Thursday, November 17, 2022   

A major global conference centered around climate change is winding down this week. As those talks play out, Minnesotans are expressing their thoughts about the regional impact through a new survey.

The COP27 talks are being held in Egypt this year, and back in Minnesota, state residents say the issue is felt close to home.

In a survey released this fall by the University of Minnesota, 76% of residents said they're concerned about climate change.

Heidi Roop, director of the university's Climate Adaptation Partnership, said what is also telling is 62% of Generation Z respondents are hopeful society will do enough to reduce the most harmful impacts.

"We often hear about the doom and gloom of climate change, and there certainly is plenty to be concerned about," Roop emphasized. "But there is certainly a reason to have hope."

She noted part of the hope stems from other responses, in which Minnesotans largely feel solutions should be a shared responsibility of all levels of government, including municipal leaders.

Roop acknowledged on the global front, nations face scrutiny for insufficient follow-through on their pledges. But she pointed to positive movement at the state level to help counteract slow progress.

Roop cited legislative action over the past year, such as a "Solar for Schools" program, as well as community grants to develop climate plans. She argued it aligns with poll results indicating it should be an "all hands on deck" response.

"Where the rubber really meets the road is by us engaging, connecting and acting in climate-smart ways in our own communities," Roop contended.

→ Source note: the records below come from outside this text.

lemma O2_equiv_invariants:
  assumes "O2_equiv X Y"
  obtains c where "c \<noteq> 0" "trace Y = c * trace X" "det Y = c\<^sup>2 * det X"
    "trace (Y ** transpose Y) = c\<^sup>2 * trace (X ** transpose X)"
proof -
  obtain c P where c: "c \<noteq> 0" and P: "orthogonal_matrix P" and Y: "Y = c *\<^sub>R (P ** X ** transpose P)"
    using assms unfolding O2_equiv_def by blast
  have "Y ** transpose Y = c\<^sup>2 *\<^sub>R (P ** X ** (transpose P ** P) ** transpose X ** transpose P)"
    by (simp add: Y scaleR_matrix_mult transpose_scalar matrix_transpose_mul matrix_mul_assoc
        power2_eq_square)
  also have "\<dots> = c\<^sup>2 *\<^sub>R (P ** (X ** transpose X) ** transpose P)"
    using P by (simp add: orthogonal_matrix_def matrix_mul_assoc)
  finally show ?thesis
    using that[OF c] P
    by (simp add: Y trace_scaleR det_scaleR_m2 trace_orthogonal_conj det_orthogonal_conj)
qed

(* a I + b E + p e1 + q e2, where e2 is the matrix with rows (0, 1) and (1, 0). *)
definition coord_mat :: "real \<Rightarrow> real \<Rightarrow> real \<Rightarrow> real \<Rightarrow> m2" where
  "coord_mat a b p q = mat2 (a + p) (b + q) (q - b) (a - p)"

lemma coord_mat_surj: "\<exists>a b p q. X = coord_mat a b p q"
proof (intro exI)
  show "X = coord_mat ((X$1$1 + X$2$2) / 2) ((X$1$2 - X$2$1) / 2)
                      ((X$1$1 - X$2$2) / 2) ((X$1$2 + X$2$1) / 2)"
    by (simp add: coord_mat_def eq_mat2_iff field_simps)
qed

lemma coord_mat_eq_iff:
  "coord_mat a b p q = coord_mat a' b' p' q' \<longleftrightarrow> a = a' \<and> b = b' \<and> p = p' \<and> q = q'"
  by (auto simp: coord_mat_def mat2_eq_iff)

lemma coord_mat_scaleR: "k *\<^sub>R coord_mat a b p q = coord_mat (k*a) (k*b) (k*p) (k*q)"
  by (simp add: coord_mat_def scaleR_mat2 algebra_simps)

lemma coord_mat_invariants:
  "trace (coord_mat a b p q) = 2 * a"
  "det (coord_mat a b p q) = a\<^sup>2 + b\<^sup>2 - p\<^sup>2 - q\<^sup>2"
  "trace (coord_mat a b p q ** transpose (coord_mat a b p q)) = 2 * (a\<^sup>2 + b\<^sup>2 + p\<^sup>2 + q\<^sup>2)"
  by (simp_all add: coord_mat_def trace_mat2 det_mat2 transpose_mat2 mat2_mult power2_eq_square algebra_simps)

definition rot :: "real \<Rightarrow> m2" where
  "rot t = mat2 (cos t) (- sin t) (sin t) (cos t)"

lemma orthogonal_matrix_rot: "orthogonal_matrix (rot t)"
  by (simp add: rot_def orthogonal_matrix_mat2 flip: power2_eq_square)

lemma rot_conj_coord_mat:
  "rot t ** coord_mat a b p q ** transpose (rot t)
     = coord_mat a b (p * cos (2*t) - q * sin (2*t)) (p * sin (2*t) + q * cos (2*t))"
proof -
  have pythagoras: "cos t * cos t + sin t * sin t = 1"
    by (simp flip: power2_eq_square)
  show ?thesis
    unfolding rot_def coord_mat_def
    by (simp add: transpose_mat2 mat2_mult mat2_eq_iff sin_double cos_double power2_eq_square)
      (use pythagoras in algebra)
qed

lemma O2_equiv_diagonal:
  obtains a b r where "r \<ge> 0" "O2_equiv X (coord_mat a b r 0)"
proof -
  obtain a b p q where X: "X = coord_mat a b p q"
    using coord_mat_surj by blast
  define r where "r = sqrt (p\<^sup>2 + q\<^sup>2)"
  have r2: "r\<^sup>2 = p\<^sup>2 + q\<^sup>2"
    by (simp add: r_def)
  show ?thesis
  proof (cases "r = 0")
    case True
    then have "p = 0" "q = 0"
      using r2 sum_power2_eq_zero_iff by auto
    then show ?thesis
      using that[of 0 a b] X O2_equiv_refl by simp
  next
    case False
    have "(p / r)\<^sup>2 + (q / r)\<^sup>2 = 1"
      using False by (simp add: power_divide flip: add_divide_distrib r2)
    then obtain s where s: "p = r * cos s" "q = r * sin s"
      using False by (metis sincos_total_2pi nonzero_mult_div_cancel_left times_divide_eq_right)
    have "r * (cos s)\<^sup>2 + r * (sin s)\<^sup>2 = r"
      by (simp flip: distrib_left)
    then have "rot (- s / 2) ** X ** transpose (rot (- s / 2)) = coord_mat a b r 0"
      by (simp add: X rot_conj_coord_mat s algebra_simps flip: power2_eq_square)
    moreover have "r \<ge> 0"
      by (simp add: r_def)
    ultimately show ?thesis
      using that O2_equiv_conj[OF orthogonal_matrix_rot] by metis
  qed
qed

lemma O2_equiv_neg_skew: "O2_equiv (coord_mat a b r 0) (coord_mat a (- b) r 0)"
proof (rule O2_equivI)
  show "orthogonal_matrix (mat2 1 0 0 (- 1))"
    by (simp add: orthogonal_matrix_mat2)
  show "coord_mat a (- b) r 0 = 1 *\<^sub>R (mat2 1 0 0 (- 1) ** coord_mat a b r 0 ** transpose (mat2 1 0 0 (- 1)))"
    by (simp add: coord_mat_def transpose_mat2 mat2_mult mat2_eq_iff)
qed simp

lemma O2_equiv_neg_trace: "O2_equiv (coord_mat a b r 0) (coord_mat (- a) b r 0)"
proof (rule O2_equivI)
  show "orthogonal_matrix (mat2 0 1 1 0)"
    by (simp add: orthogonal_matrix_mat2)
  show "coord_mat (- a) b r 0 = (- 1) *\<^sub>R (mat2 0 1 1 0 ** coord_mat a b r 0 ** transpose (mat2 0 1 1 0))"
    by (simp add: coord_mat_def transpose_mat2 mat2_mult mat2_eq_iff scaleR_mat2)
qed simp

lemma O2_equiv_abs: "O2_equiv (coord_mat a b r 0) (coord_mat \<bar>a\<bar> \<bar>b\<bar> r 0)"
proof -
  have "O2_equiv (coord_mat a b r 0) (coord_mat \<bar>a\<bar> b r 0)"
    using O2_equiv_refl O2_equiv_neg_trace by (cases "a \<ge> 0") auto
  moreover have "O2_equiv (coord_mat \<bar>a\<bar> b r 0) (coord_mat \<bar>a\<bar> \<bar>b\<bar> r 0)"
    using O2_equiv_refl O2_equiv_neg_skew by (cases "b \<ge> 0") auto
  ultimately show ?thesis
    by (rule O2_equiv_trans)
qed

definition normal_params :: "real \<Rightarrow> real \<Rightarrow> real \<Rightarrow> bool" where
  "normal_params a b r \<longleftrightarrow> (a = 0 \<and> b = 0 \<and> r = 0) \<or> (a = 1 \<and> b = 0 \<and> r = 0)
     \<or> (b = 0 \<and> r = 1 \<and> a \<ge> 0) \<or> (b = 1 \<and> a \<ge> 0 \<and> r \<ge> 0)"

lemma normal_forms_eq: "normal_forms = {coord_mat a b r 0 | a b r. normal_params a b r}"
proof -
  have "mat2 0 0 0 0 = coord_mat 0 0 0 0" "mat2 1 0 0 1 = coord_mat 1 0 0 0"
    "mat2 0 1 (- 1) 0 = coord_mat 0 1 0 0" "mat2 1 0 0 (- 1) = coord_mat 0 0 1 0"
    "mat2 (a + 1) 0 0 (a - 1) = coord_mat a 0 1 0" "mat2 (a + s) 1 (- 1) (a - s) = coord_mat a 1 s 0"
    for a s :: real
    by (simp_all add: coord_mat_def)
  then have "normal_forms =
      {coord_mat 0 0 0 0, coord_mat 1 0 0 0, coord_mat 0 1 0 0, coord_mat 0 0 1 0}
      \<union> {coord_mat a 0 1 0 | a. a > 0}
      \<union> {coord_mat a 1 s 0 | a s. a \<ge> 0 \<and> s \<ge> 0 \<and> (a, s) \<noteq> (0, 0)}"
    unfolding normal_forms_def by simp
  also have "\<dots> = {coord_mat a b r 0 | a b r. normal_params a b r}"
    by (auto simp: normal_params_def coord_mat_eq_iff)
  finally show ?thesis .
qed

lemma O2_equiv_normal_form:
  obtains a b r where "normal_params a b r" "O2_equiv X (coord_mat a b r 0)"
proof -
  obtain a b r where "r \<ge> 0" and X: "O2_equiv X (coord_mat \<bar>a\<bar> \<bar>b\<bar> r 0)"
    using O2_equiv_diagonal O2_equiv_abs O2_equiv_trans by metis
  define k where "k = (if b \<noteq> 0 then \<bar>b\<bar> else if r \<noteq> 0 then r else if a \<noteq> 0 then \<bar>a\<bar> else 1)"
  have "k > 0"
    using \<open>r \<ge> 0\<close> by (simp add: k_def)
  then have "O2_equiv X (coord_mat (\<bar>a\<bar> / k) (\<bar>b\<bar> / k) (r / k) 0)"
    using O2_equiv_trans[OF X O2_equiv_scaleR[of "1 / k"]] by (simp add: coord_mat_scaleR)
  moreover have "normal_params (\<bar>a\<bar> / k) (\<bar>b\<bar> / k) (r / k)"
    using \<open>r \<ge> 0\<close> by (auto simp: normal_params_def k_def)
  ultimately show ?thesis
    using that by blast
qed

lemma normal_params_unique:
  assumes "normal_params a b r" "normal_params a' b' r'"
    and "O2_equiv (coord_mat a b r 0) (coord_mat a' b' r' 0)"
  shows "a = a' \<and> b = b' \<and> r = r'"
proof -
  obtain c where "c \<noteq> 0" and a': "a' = c * a" and "b'\<^sup>2 = c\<^sup>2 * b\<^sup>2" "r'\<^sup>2 = c\<^sup>2 * r\<^sup>2"
  proof (rule O2_equiv_invariants[OF assms(3)])
    fix c assume "c \<noteq> 0" and inv: "trace (coord_mat a' b' r' 0) = c * trace (coord_mat a b r 0)"
      "det (coord_mat a' b' r' 0) = c\<^sup>2 * det (coord_mat a b r 0)"
      "trace (coord_mat a' b' r' 0 ** transpose (coord_mat a' b' r' 0))
         = c\<^sup>2 * trace (coord_mat a b r 0 ** transpose (coord_mat a b r 0))"
    have "a' = c * a" "a'\<^sup>2 + b'\<^sup>2 - r'\<^sup>2 = c\<^sup>2 * (a\<^sup>2 + b\<^sup>2 - r\<^sup>2)"
      "2 * (a'\<^sup>2 + b'\<^sup>2 + r'\<^sup>2) = c\<^sup>2 * (2 * (a\<^sup>2 + b\<^sup>2 + r\<^sup>2))"
      using inv by (simp_all add: coord_mat_invariants)
    then show ?thesis
      using that[OF \<open>c \<noteq> 0\<close>] by algebra
  qed
  have "a' = a" if "c\<^sup>2 = 1" "a \<ge> 0" "a' \<ge> 0"
    using a' that by (auto simp: power2_eq_1_iff)
  then show ?thesis
    using assms(1,2) \<open>c \<noteq> 0\<close> a' \<open>b'\<^sup>2 = c\<^sup>2 * b\<^sup>2\<close> \<open>r'\<^sup>2 = c\<^sup>2 * r\<^sup>2\<close>
    unfolding normal_params_def by (auto simp: power2_eq_iff_nonneg)
qed

theorem mainTheorem10:
  assumes "irreducible_O2_cone C"
  shows "\<exists>!M. M \<in> normal_forms \<and> cone_gen M = C"
proof -
  obtain X where "X \<in> C"
    using assms unfolding irreducible_O2_cone_def O2_invariant_cone_def is_cone_def by blast
  then have C: "C = cone_gen X"
    using assms by (rule irreducible_O2_cone_eq_cone_gen[rotated])
  obtain a b r where N: "normal_params a b r" and X: "O2_equiv X (coord_mat a b r 0)"
    by (rule O2_equiv_normal_form)
  show ?thesis
  proof (rule ex1I)
    show "coord_mat a b r 0 \<in> normal_forms \<and> cone_gen (coord_mat a b r 0) = C"
      using N C cone_gen_cong[OF X] by (auto simp: normal_forms_eq)
  next
    fix M assume M: "M \<in> normal_forms \<and> cone_gen M = C"
    then obtain a' b' r' where N': "normal_params a' b' r'" and M': "M = coord_mat a' b' r' 0"
      by (auto simp: normal_forms_eq)
    have "M \<in> cone_gen (coord_mat a b r 0)"
      using M C cone_gen_cong[OF X] O2_equiv_refl by (auto simp: cone_gen_eq_O2_equiv)
    then show "M = coord_mat a b r 0"
      using normal_params_unique[OF N N'] M' by (auto simp: cone_gen_eq_O2_equiv)
  qed
qed

end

Mike Reese, director of renewable energy for the University of Minnesota West Central Research and Outreach Center, said the state is also building solutions within agriculture. It includes the use of wind energy to power the production of nitrogen fertilizer.

"I would say we're responding in practical steps, and farmers in general are more conservative," Reese stressed. "But we always keep going back to 'the customer's always right' and they're going to require at some point these products need to have lower carbon intensities."

Among respondents, 60% said they would like to see more use of renewable energy to power homes and businesses, and Reese added the work they are doing certainly ties in with the sentiment.